| Data shown |
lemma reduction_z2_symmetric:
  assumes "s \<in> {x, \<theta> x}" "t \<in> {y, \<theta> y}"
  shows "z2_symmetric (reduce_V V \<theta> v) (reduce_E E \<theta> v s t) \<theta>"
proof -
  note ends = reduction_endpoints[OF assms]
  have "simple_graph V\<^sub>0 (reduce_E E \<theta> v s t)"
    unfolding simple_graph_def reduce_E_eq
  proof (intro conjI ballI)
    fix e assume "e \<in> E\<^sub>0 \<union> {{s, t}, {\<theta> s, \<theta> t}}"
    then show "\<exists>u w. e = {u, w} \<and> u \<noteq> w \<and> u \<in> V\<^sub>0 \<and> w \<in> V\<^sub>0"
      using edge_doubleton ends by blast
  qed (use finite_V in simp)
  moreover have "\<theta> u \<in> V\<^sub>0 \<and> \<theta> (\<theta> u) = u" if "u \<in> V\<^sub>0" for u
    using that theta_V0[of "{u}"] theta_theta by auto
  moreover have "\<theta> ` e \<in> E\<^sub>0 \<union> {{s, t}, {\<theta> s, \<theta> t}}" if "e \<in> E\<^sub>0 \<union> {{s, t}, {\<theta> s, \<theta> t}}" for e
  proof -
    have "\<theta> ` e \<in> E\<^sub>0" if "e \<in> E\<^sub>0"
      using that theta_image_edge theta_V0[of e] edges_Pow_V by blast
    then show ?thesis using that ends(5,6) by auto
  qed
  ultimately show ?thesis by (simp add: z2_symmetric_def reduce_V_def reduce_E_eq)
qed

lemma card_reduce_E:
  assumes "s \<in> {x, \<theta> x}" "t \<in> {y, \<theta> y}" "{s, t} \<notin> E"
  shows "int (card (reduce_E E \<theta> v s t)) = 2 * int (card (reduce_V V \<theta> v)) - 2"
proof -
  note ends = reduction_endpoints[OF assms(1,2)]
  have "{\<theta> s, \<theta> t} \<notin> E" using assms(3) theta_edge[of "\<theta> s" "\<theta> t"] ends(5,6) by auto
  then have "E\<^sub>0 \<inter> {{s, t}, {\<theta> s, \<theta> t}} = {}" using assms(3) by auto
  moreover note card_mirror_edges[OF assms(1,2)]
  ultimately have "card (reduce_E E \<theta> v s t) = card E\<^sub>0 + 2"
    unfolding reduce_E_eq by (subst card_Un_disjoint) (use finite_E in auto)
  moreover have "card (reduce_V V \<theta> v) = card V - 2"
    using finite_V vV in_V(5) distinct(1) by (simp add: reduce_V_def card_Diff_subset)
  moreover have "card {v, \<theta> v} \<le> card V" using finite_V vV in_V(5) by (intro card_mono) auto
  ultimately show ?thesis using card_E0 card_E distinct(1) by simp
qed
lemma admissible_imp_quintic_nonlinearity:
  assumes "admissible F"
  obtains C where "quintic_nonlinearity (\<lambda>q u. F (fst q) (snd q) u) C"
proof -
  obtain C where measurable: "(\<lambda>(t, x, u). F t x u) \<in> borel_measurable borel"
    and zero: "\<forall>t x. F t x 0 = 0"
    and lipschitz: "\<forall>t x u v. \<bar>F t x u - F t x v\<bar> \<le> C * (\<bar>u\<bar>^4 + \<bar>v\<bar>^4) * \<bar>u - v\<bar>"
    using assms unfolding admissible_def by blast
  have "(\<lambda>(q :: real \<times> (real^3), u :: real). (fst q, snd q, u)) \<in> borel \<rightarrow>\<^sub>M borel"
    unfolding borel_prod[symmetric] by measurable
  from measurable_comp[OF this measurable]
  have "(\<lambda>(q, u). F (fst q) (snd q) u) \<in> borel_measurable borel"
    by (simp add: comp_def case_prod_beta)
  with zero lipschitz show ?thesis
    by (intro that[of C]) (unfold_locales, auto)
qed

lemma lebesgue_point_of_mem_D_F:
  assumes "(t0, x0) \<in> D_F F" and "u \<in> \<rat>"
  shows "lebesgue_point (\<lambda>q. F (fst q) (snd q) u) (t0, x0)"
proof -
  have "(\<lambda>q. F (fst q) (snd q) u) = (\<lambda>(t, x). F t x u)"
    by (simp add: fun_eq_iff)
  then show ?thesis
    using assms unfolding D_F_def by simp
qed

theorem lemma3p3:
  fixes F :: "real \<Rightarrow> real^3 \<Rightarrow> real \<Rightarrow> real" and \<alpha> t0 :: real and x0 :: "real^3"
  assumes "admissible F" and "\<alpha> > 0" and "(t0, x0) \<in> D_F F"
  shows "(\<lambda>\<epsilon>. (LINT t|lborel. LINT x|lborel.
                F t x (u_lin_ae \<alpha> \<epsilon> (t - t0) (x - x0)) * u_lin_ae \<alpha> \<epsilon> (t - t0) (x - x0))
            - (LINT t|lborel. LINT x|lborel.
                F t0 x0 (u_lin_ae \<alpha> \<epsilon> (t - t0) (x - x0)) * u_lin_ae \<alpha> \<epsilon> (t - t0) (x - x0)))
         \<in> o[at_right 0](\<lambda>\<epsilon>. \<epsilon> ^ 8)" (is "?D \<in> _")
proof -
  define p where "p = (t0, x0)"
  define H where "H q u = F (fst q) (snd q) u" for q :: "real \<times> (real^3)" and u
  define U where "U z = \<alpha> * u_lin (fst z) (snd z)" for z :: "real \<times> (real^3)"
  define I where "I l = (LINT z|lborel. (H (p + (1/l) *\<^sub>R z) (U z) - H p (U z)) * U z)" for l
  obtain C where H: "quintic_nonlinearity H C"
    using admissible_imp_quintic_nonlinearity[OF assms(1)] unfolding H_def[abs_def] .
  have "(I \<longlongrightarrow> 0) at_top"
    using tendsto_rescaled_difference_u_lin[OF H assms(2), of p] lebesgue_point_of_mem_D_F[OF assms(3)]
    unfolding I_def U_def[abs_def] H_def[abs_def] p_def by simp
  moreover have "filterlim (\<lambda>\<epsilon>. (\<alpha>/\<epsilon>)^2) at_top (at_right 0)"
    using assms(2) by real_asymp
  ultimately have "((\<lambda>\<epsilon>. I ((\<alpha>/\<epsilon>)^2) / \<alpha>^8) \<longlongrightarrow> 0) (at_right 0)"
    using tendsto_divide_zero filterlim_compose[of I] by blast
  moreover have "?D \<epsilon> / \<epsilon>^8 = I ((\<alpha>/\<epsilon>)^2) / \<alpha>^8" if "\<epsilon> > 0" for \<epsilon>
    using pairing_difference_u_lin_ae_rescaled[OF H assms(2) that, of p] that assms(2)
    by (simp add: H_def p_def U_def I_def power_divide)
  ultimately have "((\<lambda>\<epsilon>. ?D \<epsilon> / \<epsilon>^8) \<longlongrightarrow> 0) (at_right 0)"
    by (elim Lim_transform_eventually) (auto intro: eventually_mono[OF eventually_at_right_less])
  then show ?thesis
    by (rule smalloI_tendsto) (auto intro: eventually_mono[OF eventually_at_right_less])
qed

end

| What this task involves |
Pull out every line of the entries that includes the word "intro".

| Solution to the exercise |
  proof (intro conjI ballI)
  moreover have "card {v, \<theta> v} \<le> card V" using finite_V vV in_V(5) by (intro card_mono) auto
    by (intro that[of C]) (unfold_locales, auto)
    by (elim Lim_transform_eventually) (auto intro: eventually_mono[OF eventually_at_right_less])
    by (rule smalloI_tendsto) (auto intro: eventually_mono[OF eventually_at_right_less])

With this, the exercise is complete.